Em abril de 2025, ao anunciar o que chamou de "tarifas recíprocas" no que batizou de "Dia da Libertação", Trump aplicou uma taxa de 10% sobre produtos brasileiros importados pelos EUA — então o menor patamar aplicado aos países afetados.
Em julho, no entanto, o republicano impôs ao Brasil um novo tarifaço de 40%, elevando a alíquota total para 50%, numa tentativa de influenciar o julgamento do ex-presidente Jair Bolsonaro (PL) por tentativa de golpe de Estado.
A medida, no entanto, veio acompanhada de uma extensa lista de exceções, que deixou de fora da alíquota adicional de 40% itens como suco de laranja, aeronaves civis, petróleo, veículos e autopeças, fertilizantes e produtos do setor energético.
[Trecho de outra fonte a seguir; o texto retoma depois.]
(* Let $a$ be a weak composition of length $n$ that is not identically zero. Then $\lim_{m\to\infty}\mathcal{G}^{(1)}_{0^m a}=\tilde{L}_{\mathtt{flat}(a)}(x_1,x_2,\dots)$, in the sense that for every monomial $x^c$ in finitely many variables, the coefficient of $x^c$ in $\mathcal{G}^{(1)}_{0^m a}(x_1,\dots,x_{m+n})$ equals its coefficient in $\tilde{L}_{\mathtt{flat}(a)}$ for all sufficiently large $m$.
   Context: $0^m a$ denotes the weak composition obtained by prepending $m$ zeros to $a$. Glide polynomials: a weak komposition is a weak composition whose positive entries are colored black or red, $\mathrm{ex}(b)$ = number of red entries, $\mathtt{flat}(a)$ = sequence of nonzero entries of $a$. For $a$ of length $N$ with nonzero entries exactly at positions $n_1<\dots<n_\ell$, a weak komposition $b$ of length $N$ is a glide of $a$ if there exist $0=i_0<\dots<i_\ell$ with $i_j\le n_j$, $b_k=0$ for $k>i_\ell$, and for each $j$: $b_{i_{j-1}+1}+\dots+b_{i_j}=\mathtt{flat}(a)_j+\#\{\text{red entries among } b_{i_{j-1}+1},\dots,b_{i_j}\}$ and the first nonzero entry among them is black. $\mathcal{G}^{(\beta)}_a(x_1,\dots,x_N)=\sum_b\beta^{\mathrm{ex}(b)}x^b$ over glides $b$ of $a$; $\mathcal{G}^{(1)}$ is the specialization $\beta=1$. Multi-fundamental quasisymmetric functions (Lam–Pylyavskyy): for nonempty finite $S,S'\subset\mathbb{Z}_{>0}$ write $S<S'$ if $\max S<\min S'$ and $S\le S'$ if $\max S\le\min S'$. For a composition $\alpha$ with $|\alpha|=N$, let $\tilde{A}_\alpha$ be the set of sequences $\sigma=(S_1,\dots,S_N)$ of nonempty finite subsets of $\mathbb{Z}_{>0}$ such that $S_i<S_{i+1}$ if $i=\alpha_1+\dots+\alpha_k$ for some $k$, and $S_i\le S_{i+1}$ otherwise. $\mathrm{wt}(\sigma)_k$ is the number of indices $i$ with $k\in S_i$, and $\tilde{L}_\alpha=\sum_{\sigma\in\tilde A_\alpha}x^{\mathrm{wt}(\sigma)}$, a formal power series in $x_1,x_2,\dots$. *)

theory Defs
  imports Main
begin

text \<open>Weak compositions are lists of naturals; entry k (1-based) is the exponent of x_k.
  Weak kompositions are lists of pairs (value, red?); zero entries must be uncoloured (False).\<close>

definition flat :: "nat list \<Rightarrow> nat list" where
  "flat a = filter (\<lambda>x. x \<noteq> 0) a"

definition nzpos :: "nat list \<Rightarrow> nat list" where
  "nzpos a = filter (\<lambda>k. a ! (k - 1) \<noteq> 0) [1..<length a + 1]"

definition bval :: "(nat \<times> bool) list \<Rightarrow> nat \<Rightarrow> nat" where
  "bval b k = fst (b ! (k - 1))"
definition bred :: "(nat \<times> bool) list \<Rightarrow> nat \<Rightarrow> bool" where
  "bred b k = snd (b ! (k - 1))"

definition is_wkomp :: "(nat \<times> bool) list \<Rightarrow> bool" where
  "is_wkomp b \<longleftrightarrow> (\<forall>k<length b. fst (b ! k) = 0 \<longrightarrow> \<not> snd (b ! k))"
lemma weiss_condition_if_sofic:
  fixes \<Sigma> :: "'a::monoid_mult set"
  assumes "finite \<Sigma>" and sofic: "sofic TYPE('a)"
  shows "weiss_condition \<Sigma>"
  unfolding weiss_condition_def
proof (intro allI impI)
  fix r :: nat and \<delta> :: real
  assume "\<delta> > 0"
  define B where "B = ball_verts (cayley_edges \<Sigma>) (Suc r) 1"
  define N where "N = 1 + card B * card \<Sigma> + card B * card B"
  have "finite B"
    unfolding B_def by (rule finite_ball_verts_cayley_edges[OF assms(1)])
  have "\<Sigma> \<subseteq> B"
  proof
    fix \<sigma> assume "\<sigma> \<in> \<Sigma>"
    then show "\<sigma> \<in> B"
      unfolding B_def ball_verts_cayley_edges by (intro CollectI exI[of _ "[\<sigma>]"]) simp
  qed
  have ball_B: "ball_verts (cayley_edges \<Sigma>) r 1 \<subseteq> B"
    unfolding B_def ball_verts_cayley_edges by force
  have "real N \<ge> 1"
    by (simp add: N_def)
  then obtain X :: "nat set" and \<phi> :: "'a \<Rightarrow> nat \<Rightarrow> nat"
    where X: "finite X" "X \<noteq> {}" and maps_into: "\<And>m. \<phi> m ` X \<subseteq> X"
      and inj: "is_injective_approx X B (1 - \<delta> / real N) \<phi>"
      and mor: "is_morphism_approx X B (\<delta> / real N) \<phi>"
    using sofic[unfolded sofic_def, rule_format, of B "\<delta> / real N"] \<open>finite B\<close> \<open>\<delta> > 0\<close> by auto
  define Bad where "Bad = exceptional_verts \<Sigma> B X \<phi>"
  have "real (card Bad) \<le> real N * (\<delta> / real N * real (card X))"
    using card_exceptional_verts_le[OF X(1) \<open>finite B\<close> \<open>\<Sigma> \<subseteq> B\<close> inj mor]
    unfolding Bad_def by (simp only: N_def)
  then have card_Bad: "real (card Bad) \<le> \<delta> * real (card X)"
    using \<open>real N \<ge> 1\<close> by simp
  have good: "X - Bad \<subseteq> good_verts \<Sigma> X (action_edges X \<Sigma> \<phi>) r"
  proof
    fix x assume "x \<in> X - Bad"
    then show "x \<in> good_verts \<Sigma> X (action_edges X \<Sigma> \<phi>) r"
      using ball_B by (intro good_verts_action_edges[OF maps_into])
        (auto simp: Bad_def B_def exceptional_verts_def)
  qed
  show "\<exists>V E. finite V \<and> V \<noteq> {} \<and> E \<subseteq> V \<times> \<Sigma> \<times> V \<and>
      (1 - \<delta>) * real (card V) \<le> real (card (good_verts \<Sigma> V E r))"
  proof (intro exI conjI)
    show "action_edges X \<Sigma> \<phi> \<subseteq> X \<times> \<Sigma> \<times> X"
      using maps_into by (auto simp: action_edges_def)
    have "finite (good_verts \<Sigma> X (action_edges X \<Sigma> \<phi>) r)"
      using X(1) by (auto simp: good_verts_def)
    then have "card (X - Bad) \<le> card (good_verts \<Sigma> X (action_edges X \<Sigma> \<phi>) r)"
      using good by (rule card_mono)
    moreover have "card X - card Bad \<le> card (X - Bad)"
      by (rule diff_card_le_card_Diff) (use X(1) in \<open>simp add: Bad_def exceptional_verts_def\<close>)
    ultimately show "(1 - \<delta>) * real (card X) \<le> real (card (good_verts \<Sigma> X (action_edges X \<Sigma> \<phi>) r))"
      using card_Bad by (simp add: algebra_simps)
  qed (use X in auto)
qed

theorem theorem6p1:
  fixes \<Sigma> :: "'a::monoid_mult set"
  assumes "finite \<Sigma>" and "generates \<Sigma>"
  shows "(weiss_condition \<Sigma> \<longrightarrow> sofic TYPE('a))
       \<and> (left_cancellative TYPE('a) \<and> sofic TYPE('a) \<longrightarrow> weiss_condition \<Sigma>)"
  using sofic_if_weiss_condition[OF assms(2)] weiss_condition_if_sofic[OF assms(1)] by blast

end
A taxação entrou em vigor em 6 de agosto.
Em novembro, após Bolsonaro ter sido condenado em setembro a 27 anos de prisão em regime inicial fechado, os EUA retiraram a tarifa de 40% de novos itens, incluindo café, carnes e frutas.
A decisão foi tomada após Trump iniciar negociações diretas com o presidente Luiz Inácio Lula da Silva (PT), meses após elogiar o brasileiro em discurso na ONU.
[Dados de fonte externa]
lemma peel_mem:
  assumes "(M, R, C) \<in> bordered_placements c (Suc m) (a, b, j)"
  shows "peel (length a) (length b) (M, R, C) \<in>
    (SIGMA ch:peel_choices c (a, b, j). bordered_placements c m (peeled c (a, b, j) ch))"
proof -
  let ?x = "map (\<lambda>p. R p 0) [0..<length a]" and ?y = "map (\<lambda>q. C q 0) [0..<length b]"
  let ?d = "M 0 0"
  from assms have M0: "\<And>i t. Suc m \<le> i \<or> Suc m \<le> t \<Longrightarrow> M i t = 0"
    and R: "R \<in> border (Suc m) a" and C: "C \<in> border (Suc m) b"
    and col: "\<And>t. t < Suc m \<Longrightarrow> border_sum a R t + (\<Sum>i<Suc m. M i t) = c"
    and row: "\<And>i. i < Suc m \<Longrightarrow> border_sum b C i + (\<Sum>t<Suc m. M i t) = c"
    and drops: "drops (Suc m) M = j"
    by auto
  have R0: "R p t = 0" if "length a \<le> p \<or> Suc m \<le> t" for p t
    using R that by (auto simp: border_def)
  have C0: "C q t = 0" if "length b \<le> q \<or> Suc m \<le> t" for q t
    using C that by (auto simp: border_def)
  have R_row: "R p 0 + (\<Sum>t<m. R p (Suc t)) = a ! p" if "p < length a" for p
    using R that by (simp add: border_def sum.lessThan_Suc_shift del: sum.lessThan_Suc)
  have C_row: "C q 0 + (\<Sum>t<m. C q (Suc t)) = b ! q" if "q < length b" for q
    using C that by (simp add: border_def sum.lessThan_Suc_shift del: sum.lessThan_Suc)
  have col0: "sum_list ?x + ?d + (\<Sum>i<m. M (Suc i) 0) = c"
    using col[of 0]
    by (simp add: sum_list_map_upt border_sum_def sum.lessThan_Suc_shift del: sum.lessThan_Suc)
  have row0: "sum_list ?y + ?d + (\<Sum>t<m. M 0 (Suc t)) = c"
    using row[of 0]
    by (simp add: sum_list_map_upt border_sum_def sum.lessThan_Suc_shift del: sum.lessThan_Suc)
  have R_rest: "(\<Sum>t<m. R p (Suc t)) = a ! p - R p 0" if "p < length a" for p
    using R_row[OF that] by simp
  have C_rest: "(\<Sum>t<m. C q (Suc t)) = b ! q - C q 0" if "q < length b" for q
    using C_row[OF that] by simp
  have "\<forall>p<length a. R p 0 \<le> a ! p" "\<forall>q<length b. C q 0 \<le> b ! q"
    using R_row C_row le_add1 by metis+
  with col0 row0 drops have "(?x, ?y, ?d) \<in> peel_choices c (a, b, j)"
    by (auto simp: list_all2_conv_all_nth drops_Suc)
  moreover
  let ?a' = "map2 (-) a ?x @ [c - ?d - sum_list ?y]"
    and ?b' = "map2 (-) b ?y @ [c - ?d - sum_list ?x]"
  let ?R' = "\<lambda>p t. if p < length a then R p (Suc t) else if p = length a then M 0 (Suc t) else 0"
  let ?C' = "\<lambda>q i. if q < length b then C q (Suc i) else if q = length b then M (Suc i) 0 else 0"
  have "?R' \<in> border m ?a'"
    using R0 R_rest row0 M0 by (auto simp: border_def nth_append)
  moreover have "?C' \<in> border m ?b'"
    using C0 C_rest col0 M0 by (auto simp: border_def nth_append)
  moreover have "border_sum ?a' ?R' t = border_sum a R (Suc t) + M 0 (Suc t)" for t
    by (simp add: border_sum_def)
  moreover have "border_sum ?b' ?C' i = border_sum b C (Suc i) + M (Suc i) 0" for i
    by (simp add: border_sum_def)
  moreover have "border_sum a R (Suc t) + M 0 (Suc t) + (\<Sum>i<m. M (Suc i) (Suc t)) = c"
    if "t < m" for t
    using col[of "Suc t"] that by (simp add: sum.lessThan_Suc_shift del: sum.lessThan_Suc)
  moreover have "border_sum b C (Suc i) + M (Suc i) 0 + (\<Sum>t<m. M (Suc i) (Suc t)) = c"
    if "i < m" for i
    using row[of "Suc i"] that by (simp add: sum.lessThan_Suc_shift del: sum.lessThan_Suc)
  moreover have "drops m (\<lambda>i t. M (Suc i) (Suc t)) = j - (c - ?d - sum_list ?x)"
    using col0 drops by (simp add: drops_Suc)
  ultimately show ?thesis
    using M0 by (simp del: peel_choices.simps)
qed

lemma unpeel_mem:
  assumes ch: "(x, y, d) \<in> peel_choices c (a, b, j)"
    and mem: "(M, R, C) \<in> bordered_placements c m (peeled c (a, b, j) (x, y, d))"
  shows "unpeel (length a) (length b) ((x, y, d), M, R, C) \<in>
    bordered_placements c (Suc m) (a, b, j)"
proof -
  let ?k = "length a" and ?l = "length b"
  from ch have x: "length x = ?k" "\<And>p. p < ?k \<Longrightarrow> x ! p \<le> a ! p"
    and y: "length y = ?l" "\<And>q. q < ?l \<Longrightarrow> y ! q \<le> b ! q"
    and bounds: "sum_list x + d \<le> c" "sum_list y + d \<le> c" "c - d - sum_list x \<le> j"
    by (auto simp: list_all2_conv_all_nth)
  from mem x y have M0: "\<And>i t. m \<le> i \<or> m \<le> t \<Longrightarrow> M i t = 0"
    and R: "R \<in> border m (map2 (-) a x @ [c - d - sum_list y])"
    and C: "C \<in> border m (map2 (-) b y @ [c - d - sum_list x])"
    and col: "\<And>t. t < m \<Longrightarrow> border_sum a R t + R ?k t + (\<Sum>i<m. M i t) = c"
    and row: "\<And>i. i < m \<Longrightarrow> border_sum b C i + C ?l i + (\<Sum>t<m. M i t) = c"
    and drops: "drops m M = j - (c - d - sum_list x)"
    by (auto simp: border_sum_def)
  from R x have R0: "\<And>p t. Suc ?k \<le> p \<or> m \<le> t \<Longrightarrow> R p t = 0"
    and R_row: "\<And>p. p < ?k \<Longrightarrow> (\<Sum>t<m. R p t) = a ! p - x ! p"
    and R_new: "(\<Sum>t<m. R ?k t) = c - d - sum_list y"
    by (auto simp: border_def nth_append)
  from C y have C0: "\<And>q i. Suc ?l \<le> q \<or> m \<le> i \<Longrightarrow> C q i = 0"
    and C_row: "\<And>q. q < ?l \<Longrightarrow> (\<Sum>i<m. C q i) = b ! q - y ! q"
    and C_new: "(\<Sum>i<m. C ?l i) = c - d - sum_list x"
    by (auto simp: border_def nth_append)
  have sum_x: "sum_list x = (\<Sum>p<?k. x ! p)" and sum_y: "sum_list y = (\<Sum>q<?l. y ! q)"
    using x(1) y(1) by (simp_all add: sum_list_sum_nth atLeast0LessThan)
  let ?M = "\<lambda>i t. if i = 0 then (if t = 0 then d else R ?k (t - 1))
    else if t = 0 then C ?l (i - 1) else M (i - 1) (t - 1)"
  let ?R = "\<lambda>p t. if p < ?k then (if t = 0 then x ! p else R p (t - 1)) else 0"
  let ?C = "\<lambda>q i. if q < ?l then (if i = 0 then y ! q else C q (i - 1)) else 0"
  have "?R \<in> border (Suc m) a"
    using R0 R_row x by (auto simp: border_def sum.lessThan_Suc_shift simp del: sum.lessThan_Suc)
  moreover have "?C \<in> border (Suc m) b"
    using C0 C_row y by (auto simp: border_def sum.lessThan_Suc_shift simp del: sum.lessThan_Suc)
  moreover have "border_sum a ?R t + (\<Sum>i<Suc m. ?M i t) = c" if "t < Suc m" for t
  proof (cases t)
    case 0
    then show ?thesis
      using C_new sum_x bounds
      by (simp add: border_sum_def sum.lessThan_Suc_shift del: sum.lessThan_Suc)
  next
    case (Suc t')
    then show ?thesis
      using col[of t'] that
      by (simp add: border_sum_def sum.lessThan_Suc_shift del: sum.lessThan_Suc)
  qed
  moreover have "border_sum b ?C i + (\<Sum>t<Suc m. ?M i t) = c" if "i < Suc m" for i
  proof (cases i)
    case 0
    then show ?thesis
      using R_new sum_y bounds
      by (simp add: border_sum_def sum.lessThan_Suc_shift del: sum.lessThan_Suc)
  next
    case (Suc i')
    then show ?thesis
      using row[of i'] that
      by (simp add: border_sum_def sum.lessThan_Suc_shift del: sum.lessThan_Suc)
  qed
  moreover have "drops (Suc m) ?M = j"
    using C_new drops bounds by (simp add: drops_Suc)
  moreover have "?M i t = 0" if "Suc m \<le> i \<or> Suc m \<le> t" for i t
    using that by (auto intro!: R0 C0 M0)
  ultimately show ?thesis
    unfolding unpeel.simps bordered_placements.simps mem_Collect_eq prod.case by blast
qed

lemma unpeel_peel:
  assumes "(M, R, C) \<in> bordered_placements c (Suc m) (a, b, j)"
  shows "unpeel (length a) (length b) (peel (length a) (length b) (M, R, C)) = (M, R, C)"
proof -
  from assms have "R p t = 0" if "length a \<le> p" for p t
    using that by (auto simp: border_def)
  moreover from assms have "C q i = 0" if "length b \<le> q" for q i
    using that by (auto simp: border_def)
  ultimately show ?thesis
    by (auto simp: fun_eq_iff split: nat.split)
qed

lemma peel_unpeel:
  assumes "(x, y, d) \<in> peel_choices c (a, b, j)"
    and "(M, R, C) \<in> bordered_placements c m (peeled c (a, b, j) (x, y, d))"
  shows "peel (length a) (length b) (unpeel (length a) (length b) ((x, y, d), M, R, C)) =
    ((x, y, d), M, R, C)"
proof -
  from assms(1) have "length x = length a" "length y = length b"
    by (auto dest: list_all2_lengthD)
  then have "map (\<lambda>p. if p < length a then x ! p else 0) [0..<length a] = x"
    and "map (\<lambda>q. if q < length b then y ! q else 0) [0..<length b] = y"
    by (auto intro!: nth_equalityI)
  moreover from assms have "R p t = 0" if "Suc (length a) \<le> p" for p t
    using that by (auto simp: border_def)
  moreover from assms have "C q i = 0" if "Suc (length b) \<le> q" for q i
    using that by (auto simp: border_def)
  ultimately show ?thesis
    by (auto simp: fun_eq_iff cong: if_cong)
qed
Na prática, a decisão da Suprema Corte nesta sexta-feira derruba as tarifas de 10% ou mais que vinham sendo aplicadas desde abril de 2025 à maioria dos parceiros comerciais dos Estados Unidos — incluindo os 10% impostos então ao Brasil.
No entanto, não são afetadas as tarifas específicas sobre importações de aço e alumínio, que também incluem produtos brasileiros.
Ainda não está claro como a nova tarifa global de 10% anunciada por Trump nesta sexta irá afetar as exportações brasileiras aos Estados Unidos.
'Um raro freio a Trump'
Donald Trump vinha alertando há meses que uma decisão da Suprema Corte que restringisse sua capacidade de impor tarifas seria um "desastre econômico e de segurança nacional" com consequências "catastróficas", observa Anthony Zurcher, correspondente da BBC News na América do Norte.
Mas uma maioria de seis juízes da Suprema Corte, ao decidir contra o presidente hoje, não se importou com suas preocupações, destaca o correspondente.
O Congresso, e não o presidente, tem o poder de impor tarifas, decidiram os juízes.
"A decisão da corte representa um raro freio ao amplo uso da autoridade executiva por este presidente", escreve Zurcher.
A maioria dos juízes, ao longo do último ano, demonstrou disposição em permitir que Trump prosseguisse com sua agenda, particularmente em relação à imigração e à reformulação do governo federal, mesmo enquanto contestações judiciais tramitavam no sistema judiciário, lembra o jornalista.
"Com vários outros casos importantes envolvendo usos controversos do poder executivo – como as tentativas de acabar com a cidadania por nascimento e de destituir um governador do Federal Reserve com base em supostas irregularidades – este pode não ser o único revés de Trump nos próximos meses."